▶ [DATASET EXTRACT]:
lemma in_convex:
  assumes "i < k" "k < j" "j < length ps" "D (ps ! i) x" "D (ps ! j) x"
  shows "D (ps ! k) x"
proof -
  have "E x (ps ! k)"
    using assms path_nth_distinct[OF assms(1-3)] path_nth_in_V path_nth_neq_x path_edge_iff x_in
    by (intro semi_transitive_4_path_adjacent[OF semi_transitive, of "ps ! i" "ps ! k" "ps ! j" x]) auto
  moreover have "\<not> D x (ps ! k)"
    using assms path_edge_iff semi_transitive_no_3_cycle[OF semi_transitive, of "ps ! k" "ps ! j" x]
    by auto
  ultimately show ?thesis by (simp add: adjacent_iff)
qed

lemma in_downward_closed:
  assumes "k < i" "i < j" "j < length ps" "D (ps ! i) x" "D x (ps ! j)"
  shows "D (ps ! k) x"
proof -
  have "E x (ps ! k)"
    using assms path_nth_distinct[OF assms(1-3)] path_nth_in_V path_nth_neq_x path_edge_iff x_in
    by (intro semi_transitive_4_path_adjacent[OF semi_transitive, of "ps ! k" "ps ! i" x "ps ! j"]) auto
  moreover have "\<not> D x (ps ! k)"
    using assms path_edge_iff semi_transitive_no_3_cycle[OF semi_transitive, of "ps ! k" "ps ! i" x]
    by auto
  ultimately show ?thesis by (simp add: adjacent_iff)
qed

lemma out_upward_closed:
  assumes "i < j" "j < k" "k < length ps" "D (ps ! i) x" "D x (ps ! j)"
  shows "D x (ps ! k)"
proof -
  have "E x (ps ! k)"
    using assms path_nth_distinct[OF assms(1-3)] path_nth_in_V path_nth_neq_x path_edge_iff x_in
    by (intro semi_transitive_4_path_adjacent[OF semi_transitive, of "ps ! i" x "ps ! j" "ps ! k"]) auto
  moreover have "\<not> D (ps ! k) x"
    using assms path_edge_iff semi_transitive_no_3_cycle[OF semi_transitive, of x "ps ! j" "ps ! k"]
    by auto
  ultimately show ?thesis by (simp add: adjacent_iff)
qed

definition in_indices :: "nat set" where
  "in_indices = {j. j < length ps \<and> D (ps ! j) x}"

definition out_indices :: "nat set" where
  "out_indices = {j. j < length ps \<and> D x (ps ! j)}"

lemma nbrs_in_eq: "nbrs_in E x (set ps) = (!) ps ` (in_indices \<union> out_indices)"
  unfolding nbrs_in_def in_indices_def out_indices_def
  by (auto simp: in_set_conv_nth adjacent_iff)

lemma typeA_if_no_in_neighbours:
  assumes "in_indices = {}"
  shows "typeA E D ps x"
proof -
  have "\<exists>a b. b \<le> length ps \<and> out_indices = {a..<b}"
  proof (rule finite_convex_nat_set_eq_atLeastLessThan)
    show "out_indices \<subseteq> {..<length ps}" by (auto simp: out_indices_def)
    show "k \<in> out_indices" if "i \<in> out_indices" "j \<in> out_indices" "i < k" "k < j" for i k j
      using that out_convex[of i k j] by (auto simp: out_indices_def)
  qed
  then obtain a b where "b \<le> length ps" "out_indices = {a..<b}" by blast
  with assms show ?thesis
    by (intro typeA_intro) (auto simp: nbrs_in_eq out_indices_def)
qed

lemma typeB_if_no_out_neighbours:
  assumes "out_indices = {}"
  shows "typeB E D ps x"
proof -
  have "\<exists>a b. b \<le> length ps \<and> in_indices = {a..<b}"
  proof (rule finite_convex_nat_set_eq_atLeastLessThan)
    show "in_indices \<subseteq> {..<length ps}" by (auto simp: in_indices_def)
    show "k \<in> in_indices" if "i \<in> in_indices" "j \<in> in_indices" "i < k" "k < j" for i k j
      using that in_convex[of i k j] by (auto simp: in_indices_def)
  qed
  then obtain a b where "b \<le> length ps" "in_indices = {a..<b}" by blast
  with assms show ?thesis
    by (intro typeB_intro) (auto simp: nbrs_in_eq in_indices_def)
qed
* * *
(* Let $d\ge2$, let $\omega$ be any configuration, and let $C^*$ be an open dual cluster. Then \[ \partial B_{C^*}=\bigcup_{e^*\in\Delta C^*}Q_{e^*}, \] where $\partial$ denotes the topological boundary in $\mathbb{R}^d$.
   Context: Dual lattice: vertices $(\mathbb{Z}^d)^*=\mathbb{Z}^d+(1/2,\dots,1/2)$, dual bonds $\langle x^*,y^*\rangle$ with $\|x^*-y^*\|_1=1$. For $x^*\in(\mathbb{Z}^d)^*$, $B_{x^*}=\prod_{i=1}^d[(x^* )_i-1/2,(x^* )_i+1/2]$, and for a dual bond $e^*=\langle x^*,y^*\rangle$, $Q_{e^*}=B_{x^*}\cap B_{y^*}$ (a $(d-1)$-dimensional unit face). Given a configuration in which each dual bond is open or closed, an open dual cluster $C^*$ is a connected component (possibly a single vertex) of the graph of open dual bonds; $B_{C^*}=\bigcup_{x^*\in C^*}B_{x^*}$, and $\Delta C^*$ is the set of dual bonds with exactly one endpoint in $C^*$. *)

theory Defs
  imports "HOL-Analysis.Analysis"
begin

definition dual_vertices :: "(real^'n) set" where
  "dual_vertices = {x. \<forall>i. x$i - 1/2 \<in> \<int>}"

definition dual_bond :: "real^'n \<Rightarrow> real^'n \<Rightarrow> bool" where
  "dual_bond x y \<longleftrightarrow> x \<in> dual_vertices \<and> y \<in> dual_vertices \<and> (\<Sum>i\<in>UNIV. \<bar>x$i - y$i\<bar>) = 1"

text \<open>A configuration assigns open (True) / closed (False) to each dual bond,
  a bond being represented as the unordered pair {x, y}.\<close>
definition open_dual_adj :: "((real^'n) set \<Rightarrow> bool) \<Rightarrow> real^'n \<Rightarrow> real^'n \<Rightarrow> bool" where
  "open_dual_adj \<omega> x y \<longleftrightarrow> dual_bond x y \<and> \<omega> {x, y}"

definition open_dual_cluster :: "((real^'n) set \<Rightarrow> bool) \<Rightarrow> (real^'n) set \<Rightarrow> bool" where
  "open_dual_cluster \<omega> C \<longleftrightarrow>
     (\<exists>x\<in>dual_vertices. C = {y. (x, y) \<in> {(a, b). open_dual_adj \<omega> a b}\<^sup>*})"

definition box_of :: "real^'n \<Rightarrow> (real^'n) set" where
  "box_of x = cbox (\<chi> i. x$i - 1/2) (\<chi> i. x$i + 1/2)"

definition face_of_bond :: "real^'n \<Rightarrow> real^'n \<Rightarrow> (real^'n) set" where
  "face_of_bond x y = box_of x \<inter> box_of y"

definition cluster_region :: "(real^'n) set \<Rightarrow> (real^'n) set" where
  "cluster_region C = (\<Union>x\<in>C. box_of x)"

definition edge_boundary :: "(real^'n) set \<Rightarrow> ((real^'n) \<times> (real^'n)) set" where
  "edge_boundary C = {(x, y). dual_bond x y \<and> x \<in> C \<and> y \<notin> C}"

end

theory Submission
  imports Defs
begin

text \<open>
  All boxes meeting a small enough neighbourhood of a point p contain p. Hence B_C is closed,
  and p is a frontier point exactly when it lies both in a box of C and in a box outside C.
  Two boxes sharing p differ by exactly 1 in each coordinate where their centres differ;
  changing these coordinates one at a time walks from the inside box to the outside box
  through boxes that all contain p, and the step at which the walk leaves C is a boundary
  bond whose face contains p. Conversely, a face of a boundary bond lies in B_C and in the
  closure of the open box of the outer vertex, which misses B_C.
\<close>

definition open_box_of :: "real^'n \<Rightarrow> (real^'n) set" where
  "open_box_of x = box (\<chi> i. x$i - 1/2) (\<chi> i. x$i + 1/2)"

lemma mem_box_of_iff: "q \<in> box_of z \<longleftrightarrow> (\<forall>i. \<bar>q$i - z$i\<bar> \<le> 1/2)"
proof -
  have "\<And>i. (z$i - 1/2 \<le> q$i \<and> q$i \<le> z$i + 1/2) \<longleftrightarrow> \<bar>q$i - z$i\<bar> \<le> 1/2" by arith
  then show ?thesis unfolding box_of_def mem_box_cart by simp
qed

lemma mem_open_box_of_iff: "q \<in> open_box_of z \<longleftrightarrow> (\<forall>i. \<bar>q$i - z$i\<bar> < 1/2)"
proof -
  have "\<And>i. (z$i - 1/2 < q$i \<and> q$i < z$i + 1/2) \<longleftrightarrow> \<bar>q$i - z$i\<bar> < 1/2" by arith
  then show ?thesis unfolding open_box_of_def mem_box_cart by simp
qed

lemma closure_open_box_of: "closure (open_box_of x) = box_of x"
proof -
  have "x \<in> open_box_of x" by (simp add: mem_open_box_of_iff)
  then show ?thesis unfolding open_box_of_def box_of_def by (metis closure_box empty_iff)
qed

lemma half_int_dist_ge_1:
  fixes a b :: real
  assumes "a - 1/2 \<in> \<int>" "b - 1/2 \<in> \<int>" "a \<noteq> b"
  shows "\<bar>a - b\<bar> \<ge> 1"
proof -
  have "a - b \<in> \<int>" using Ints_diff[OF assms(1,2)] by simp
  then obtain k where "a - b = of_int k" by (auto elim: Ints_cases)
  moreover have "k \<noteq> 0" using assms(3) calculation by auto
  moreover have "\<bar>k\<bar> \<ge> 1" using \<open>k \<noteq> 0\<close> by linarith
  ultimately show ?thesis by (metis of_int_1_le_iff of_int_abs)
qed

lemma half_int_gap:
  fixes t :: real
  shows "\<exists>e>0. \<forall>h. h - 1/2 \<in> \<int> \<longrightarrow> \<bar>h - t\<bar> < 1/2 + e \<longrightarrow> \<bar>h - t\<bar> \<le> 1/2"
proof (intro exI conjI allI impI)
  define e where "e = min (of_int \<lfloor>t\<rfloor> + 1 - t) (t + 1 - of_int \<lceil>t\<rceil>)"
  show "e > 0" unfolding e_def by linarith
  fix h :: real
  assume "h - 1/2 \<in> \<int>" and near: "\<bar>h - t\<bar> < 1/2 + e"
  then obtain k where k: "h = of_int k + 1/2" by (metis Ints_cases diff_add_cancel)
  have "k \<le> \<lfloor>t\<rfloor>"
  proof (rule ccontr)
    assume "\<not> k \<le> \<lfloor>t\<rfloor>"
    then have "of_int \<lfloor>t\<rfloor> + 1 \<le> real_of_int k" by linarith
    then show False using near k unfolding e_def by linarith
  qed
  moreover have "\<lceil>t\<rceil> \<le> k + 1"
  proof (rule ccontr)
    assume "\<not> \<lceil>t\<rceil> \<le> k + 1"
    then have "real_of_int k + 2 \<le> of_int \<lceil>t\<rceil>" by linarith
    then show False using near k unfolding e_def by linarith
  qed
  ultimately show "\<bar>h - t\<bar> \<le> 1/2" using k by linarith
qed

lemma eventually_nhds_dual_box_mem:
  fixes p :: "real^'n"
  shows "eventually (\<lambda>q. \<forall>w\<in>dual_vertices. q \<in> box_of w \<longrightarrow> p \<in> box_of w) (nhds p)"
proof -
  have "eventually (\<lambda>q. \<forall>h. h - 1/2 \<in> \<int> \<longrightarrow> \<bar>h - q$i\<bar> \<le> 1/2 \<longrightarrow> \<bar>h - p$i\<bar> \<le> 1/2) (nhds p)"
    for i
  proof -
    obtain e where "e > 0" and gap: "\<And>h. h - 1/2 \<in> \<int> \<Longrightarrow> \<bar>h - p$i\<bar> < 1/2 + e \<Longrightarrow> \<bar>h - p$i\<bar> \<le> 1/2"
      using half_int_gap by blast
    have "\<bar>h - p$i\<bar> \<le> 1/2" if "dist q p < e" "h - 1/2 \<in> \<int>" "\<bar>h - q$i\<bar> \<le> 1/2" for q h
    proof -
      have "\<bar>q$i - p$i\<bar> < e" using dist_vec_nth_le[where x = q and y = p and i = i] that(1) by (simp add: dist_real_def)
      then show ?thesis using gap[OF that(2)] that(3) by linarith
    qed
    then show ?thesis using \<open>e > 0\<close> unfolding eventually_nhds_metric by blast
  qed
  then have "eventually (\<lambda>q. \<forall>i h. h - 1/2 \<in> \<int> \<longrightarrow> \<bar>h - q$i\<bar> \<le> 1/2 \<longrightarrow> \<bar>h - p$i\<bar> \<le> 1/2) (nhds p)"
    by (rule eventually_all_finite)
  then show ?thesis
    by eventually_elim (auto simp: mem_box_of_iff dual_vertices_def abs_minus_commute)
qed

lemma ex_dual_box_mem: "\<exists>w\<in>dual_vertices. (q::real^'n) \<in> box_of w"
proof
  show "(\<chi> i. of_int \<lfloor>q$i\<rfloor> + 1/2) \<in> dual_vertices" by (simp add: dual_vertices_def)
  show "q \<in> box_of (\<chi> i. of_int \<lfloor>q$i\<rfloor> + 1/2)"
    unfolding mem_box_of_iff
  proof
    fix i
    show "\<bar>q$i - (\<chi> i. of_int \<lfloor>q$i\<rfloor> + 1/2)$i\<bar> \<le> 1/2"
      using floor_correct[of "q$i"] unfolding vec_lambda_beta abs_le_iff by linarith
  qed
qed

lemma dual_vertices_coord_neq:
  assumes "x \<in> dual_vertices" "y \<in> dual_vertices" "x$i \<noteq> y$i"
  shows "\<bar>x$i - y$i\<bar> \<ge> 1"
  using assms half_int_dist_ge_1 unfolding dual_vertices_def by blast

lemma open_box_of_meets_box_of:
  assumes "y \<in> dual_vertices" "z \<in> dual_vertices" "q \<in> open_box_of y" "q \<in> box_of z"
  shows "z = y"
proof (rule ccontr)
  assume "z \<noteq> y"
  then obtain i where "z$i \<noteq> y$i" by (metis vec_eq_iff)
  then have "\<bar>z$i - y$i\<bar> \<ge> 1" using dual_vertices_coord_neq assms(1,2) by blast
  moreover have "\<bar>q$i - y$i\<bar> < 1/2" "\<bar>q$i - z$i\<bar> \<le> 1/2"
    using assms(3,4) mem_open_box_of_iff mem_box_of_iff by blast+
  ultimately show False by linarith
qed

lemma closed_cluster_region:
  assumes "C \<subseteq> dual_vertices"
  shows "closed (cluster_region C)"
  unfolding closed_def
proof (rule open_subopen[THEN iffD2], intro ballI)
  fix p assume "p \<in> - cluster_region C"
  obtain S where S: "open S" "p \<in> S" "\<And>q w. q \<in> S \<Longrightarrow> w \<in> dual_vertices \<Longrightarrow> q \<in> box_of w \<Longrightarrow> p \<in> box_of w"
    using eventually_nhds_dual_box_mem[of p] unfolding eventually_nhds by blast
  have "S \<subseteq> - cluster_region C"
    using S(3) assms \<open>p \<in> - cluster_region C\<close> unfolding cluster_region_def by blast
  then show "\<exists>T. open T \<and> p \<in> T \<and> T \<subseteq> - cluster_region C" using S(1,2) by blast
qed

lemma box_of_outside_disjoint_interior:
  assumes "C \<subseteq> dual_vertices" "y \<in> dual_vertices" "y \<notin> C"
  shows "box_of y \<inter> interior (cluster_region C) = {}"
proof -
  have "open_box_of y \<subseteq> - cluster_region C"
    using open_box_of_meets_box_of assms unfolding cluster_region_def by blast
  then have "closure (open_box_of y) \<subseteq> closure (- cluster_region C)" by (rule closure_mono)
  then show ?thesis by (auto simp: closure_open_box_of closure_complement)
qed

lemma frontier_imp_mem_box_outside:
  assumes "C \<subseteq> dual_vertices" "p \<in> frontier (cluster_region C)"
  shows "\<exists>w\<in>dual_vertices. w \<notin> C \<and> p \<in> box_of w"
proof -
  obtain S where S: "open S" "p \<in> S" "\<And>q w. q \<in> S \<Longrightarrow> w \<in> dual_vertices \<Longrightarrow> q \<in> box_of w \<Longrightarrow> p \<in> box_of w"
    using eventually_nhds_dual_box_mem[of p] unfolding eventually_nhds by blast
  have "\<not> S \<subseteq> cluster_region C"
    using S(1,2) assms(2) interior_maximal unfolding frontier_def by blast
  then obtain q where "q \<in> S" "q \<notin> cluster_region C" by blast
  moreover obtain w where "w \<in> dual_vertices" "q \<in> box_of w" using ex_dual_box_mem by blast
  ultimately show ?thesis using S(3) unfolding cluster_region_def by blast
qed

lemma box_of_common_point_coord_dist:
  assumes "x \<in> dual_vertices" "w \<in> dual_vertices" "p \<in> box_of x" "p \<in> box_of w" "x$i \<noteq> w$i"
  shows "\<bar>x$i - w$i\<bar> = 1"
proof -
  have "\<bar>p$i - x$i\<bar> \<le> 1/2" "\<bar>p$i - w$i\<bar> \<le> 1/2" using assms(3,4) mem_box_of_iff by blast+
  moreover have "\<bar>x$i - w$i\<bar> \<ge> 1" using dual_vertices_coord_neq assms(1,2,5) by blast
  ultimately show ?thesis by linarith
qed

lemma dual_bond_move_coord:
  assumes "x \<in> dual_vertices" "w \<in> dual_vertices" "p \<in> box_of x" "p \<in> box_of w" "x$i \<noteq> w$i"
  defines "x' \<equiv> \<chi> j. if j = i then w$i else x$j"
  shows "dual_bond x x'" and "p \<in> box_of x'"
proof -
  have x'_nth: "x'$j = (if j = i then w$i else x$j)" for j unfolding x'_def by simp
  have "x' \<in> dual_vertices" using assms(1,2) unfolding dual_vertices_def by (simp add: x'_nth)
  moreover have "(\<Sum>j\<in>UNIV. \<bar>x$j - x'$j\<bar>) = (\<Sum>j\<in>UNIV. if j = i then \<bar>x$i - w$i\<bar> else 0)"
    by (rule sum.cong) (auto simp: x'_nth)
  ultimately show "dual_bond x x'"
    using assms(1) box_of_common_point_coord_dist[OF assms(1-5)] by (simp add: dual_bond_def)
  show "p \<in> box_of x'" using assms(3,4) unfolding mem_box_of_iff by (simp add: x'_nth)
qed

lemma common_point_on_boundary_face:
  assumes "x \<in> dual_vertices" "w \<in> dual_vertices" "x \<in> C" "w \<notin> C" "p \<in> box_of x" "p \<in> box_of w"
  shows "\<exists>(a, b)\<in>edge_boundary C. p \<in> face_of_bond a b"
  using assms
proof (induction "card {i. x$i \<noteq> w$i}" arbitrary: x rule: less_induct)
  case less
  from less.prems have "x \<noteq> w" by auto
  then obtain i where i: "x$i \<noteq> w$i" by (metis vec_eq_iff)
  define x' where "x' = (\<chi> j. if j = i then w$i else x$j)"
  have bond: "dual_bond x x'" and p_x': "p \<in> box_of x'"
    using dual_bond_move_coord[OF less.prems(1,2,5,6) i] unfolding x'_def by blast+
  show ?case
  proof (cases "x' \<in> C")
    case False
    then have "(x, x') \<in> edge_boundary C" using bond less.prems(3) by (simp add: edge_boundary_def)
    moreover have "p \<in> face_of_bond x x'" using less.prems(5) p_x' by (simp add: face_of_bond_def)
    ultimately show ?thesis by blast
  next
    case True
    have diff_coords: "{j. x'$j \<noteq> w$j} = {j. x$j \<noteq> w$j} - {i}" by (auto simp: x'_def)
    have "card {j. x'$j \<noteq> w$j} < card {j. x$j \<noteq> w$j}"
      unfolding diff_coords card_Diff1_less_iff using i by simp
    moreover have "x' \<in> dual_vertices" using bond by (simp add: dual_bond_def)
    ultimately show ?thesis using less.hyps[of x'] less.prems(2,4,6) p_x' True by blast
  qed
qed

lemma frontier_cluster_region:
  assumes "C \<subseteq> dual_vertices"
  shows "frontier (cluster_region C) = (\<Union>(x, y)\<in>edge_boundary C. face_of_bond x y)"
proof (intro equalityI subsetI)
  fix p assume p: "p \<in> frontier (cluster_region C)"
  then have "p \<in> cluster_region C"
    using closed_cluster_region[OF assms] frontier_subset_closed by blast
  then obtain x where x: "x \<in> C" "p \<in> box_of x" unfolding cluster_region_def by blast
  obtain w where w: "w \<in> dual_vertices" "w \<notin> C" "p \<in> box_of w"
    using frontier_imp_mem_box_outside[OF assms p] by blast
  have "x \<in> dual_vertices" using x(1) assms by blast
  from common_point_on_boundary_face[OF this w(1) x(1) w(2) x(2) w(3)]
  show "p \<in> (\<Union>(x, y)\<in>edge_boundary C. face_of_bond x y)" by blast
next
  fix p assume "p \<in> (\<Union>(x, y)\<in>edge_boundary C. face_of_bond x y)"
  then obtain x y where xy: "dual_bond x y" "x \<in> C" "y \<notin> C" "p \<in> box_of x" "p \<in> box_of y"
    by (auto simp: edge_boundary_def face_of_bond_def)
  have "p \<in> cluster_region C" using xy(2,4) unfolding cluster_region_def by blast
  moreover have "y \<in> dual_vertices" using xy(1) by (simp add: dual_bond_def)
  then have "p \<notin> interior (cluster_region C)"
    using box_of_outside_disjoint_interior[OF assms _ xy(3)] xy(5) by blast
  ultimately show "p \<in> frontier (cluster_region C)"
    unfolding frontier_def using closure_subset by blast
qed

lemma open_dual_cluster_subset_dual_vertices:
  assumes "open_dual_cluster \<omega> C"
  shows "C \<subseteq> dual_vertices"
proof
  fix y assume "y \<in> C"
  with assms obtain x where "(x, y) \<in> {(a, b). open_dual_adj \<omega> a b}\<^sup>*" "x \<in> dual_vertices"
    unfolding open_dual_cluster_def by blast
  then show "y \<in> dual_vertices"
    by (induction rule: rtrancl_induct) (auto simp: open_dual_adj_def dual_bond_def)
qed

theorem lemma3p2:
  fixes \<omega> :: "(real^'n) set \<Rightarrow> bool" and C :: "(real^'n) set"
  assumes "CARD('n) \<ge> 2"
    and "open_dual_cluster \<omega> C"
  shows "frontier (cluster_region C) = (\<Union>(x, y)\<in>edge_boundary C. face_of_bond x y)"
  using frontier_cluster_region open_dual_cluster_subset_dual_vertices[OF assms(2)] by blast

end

▶ [WHAT IS NEEDED]:
Copy out every line in the entries above that holds "fixes".

▶ [TASK RESPONSE]:
  fixes a b :: real
  fixes t :: real
  fixes p :: "real^'n"
  fixes \<omega> :: "(real^'n) set \<Rightarrow> bool" and C :: "(real^'n) set"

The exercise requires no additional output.